Mas os pós-modernos não podem conversar. Se por descuido aceitarem discutir suas premissas precisam aceitar que têm premissas, que elaboraram um sistema, que precisam passar pela prova da verdade. E aí já perderam. Blefaram e perderam. Tinham uma mão ruim.

Mas pode um tipo qualquer de pensamento se recusar a dar provas de si? A se pôr no pelourinho da contradição? Pode. Os sistemas fechados podem. Tudo que não cabe dentro deles é como se não existisse. Não de verdade. O que estou dizendo, e parecerá loucura a quem lida com essas coisas áridas por profissão, é que o pensamento pós-moderno é atravessado de ponta a ponta por uma imensa vontade de fazer sistema. Não deixa essa vontade aparecer. Nem monta seus sistemas à luz do dia. Mas sua estratégia, creio que consciente, é fazer calar os “superados”, os “sobreviventes”. Nós, que avançamos gemendo, como lindamente escreveu Pascal. Os amantes da verdade. Todos condenados ao silêncio. O sistema fechado do pensamento pós-moderno é tão astuto que não precisa aparecer como sistema, disciplina da vida. Mas tem a pretensão de ser o pensamento único do mundo globalizado. Usa como se fosse óbvia a lei da eficácia, da funcionalidade, do dar-certo como critério para a vida. Um sistema oculto. Melhor: invisível. E tão poderoso que nesta última década e meia nem precisou se exercer como discurso. Todo mundo já o aceitou. Vivemos segundo suas determinações.

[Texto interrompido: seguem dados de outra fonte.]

(* Let $N,M,k$ be positive integers with $M\le N$, $\omega=e^{2\pi i/N}$, and for $x,s\in\mathbb{Z}_N$ let $|\phi_{x,s}\rangle=\frac{1}{\sqrt M}\sum_{b=0}^{M-1}|b,x+bs\rangle\in\mathbb{C}^{N}\otimes\mathbb{C}^N$ and $\rho_s=\frac1N\sum_{x\in\mathbb{Z}_N}|\phi_{x,s}\rangle\langle\phi_{x,s}|$. Consider the pretty good measurement for the ensemble $\{\rho_s^{\otimes k}\}_{s\in\mathbb{Z}_N}$ with uniform prior, i.e. the POVM with elements $E_j=\Sigma^{-1/2}\rho_j^{\otimes k}\Sigma^{-1/2}$ where $\Sigma=\sum_{j\in\mathbb{Z}_N}\rho_j^{\otimes k}$ and the inverse square root is taken on the support of $\Sigma$. Then for every $s\in\mathbb{Z}_N$, $$\mathrm{tr}(E_s\rho_s^{\otimes k})=\frac{1}{M^kN^{k+1}}\sum_{x\in\mathbb{Z}_N^k}\Big(\sum_{w\in\mathbb{Z}_N}\sqrt{\eta^x_w}\Big)^2,$$ where $\eta^x_w:=|\{b\in\{0,\ldots,M-1\}^k : b\cdot x\equiv w \pmod N\}|$.
   Context: The states $\rho_s$ arise from the generalized hidden shift problem: given $f:\{0,\ldots,M-1\}\times\mathbb{Z}_N\to S$, injective in $x$ for each fixed $b$, with $f(b,x)=f(b+1,x+s)$ for $b=0,\ldots,M-2$, one prepares the uniform superposition over $(b,x)$, computes $f$ and measures its value. Here $|b\rangle$ for $b\in\{0,\ldots,M-1\}$ are computational basis states of the first register. *)

theory Defs
  imports Complex_Main "Jordan_Normal_Form.Matrix"
begin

Só que não. Ainda estão aí Heráclito, para ensinar a tensão dos contrários. Sócrates para morrer pela verdade, e Platão para pensar esse destino. Aristóteles para procurar o bem supremo da felicidade. Santo Agostinho para confessar a vida, e pensar enquanto confessa e vive. Santo Tomás, para ver a escada dos anjos descendo de Deus aos homens pequeninos. Nietzsche para delirar de tanta paixão pela vida. Heidegger para passar em revista dois mil e seiscentos anos de História e tentar iluminar um caminho por vir. E Foucault para fazer explodir a história dos sistemas de verdade e procurar a verdade na vida. E morrer disso. Esses ainda estão aí. São nossas companhias. Podemos escolher.

Só não temos o direito de preferir a tristeza da verdade morta. Bilhões de pessoas vivem fora da vida. Nós temos a oportunidade de ainda lutar por ela. Podemos não, é claro. Mas vinte e seis séculos vão estar nos olhando. De olhos atentos para as nossas vidas. Este espacinho dos sábados é para convidar quem quiser vir a se expor a esse olhar. Tem brilho nele. É vivo. Não morreu.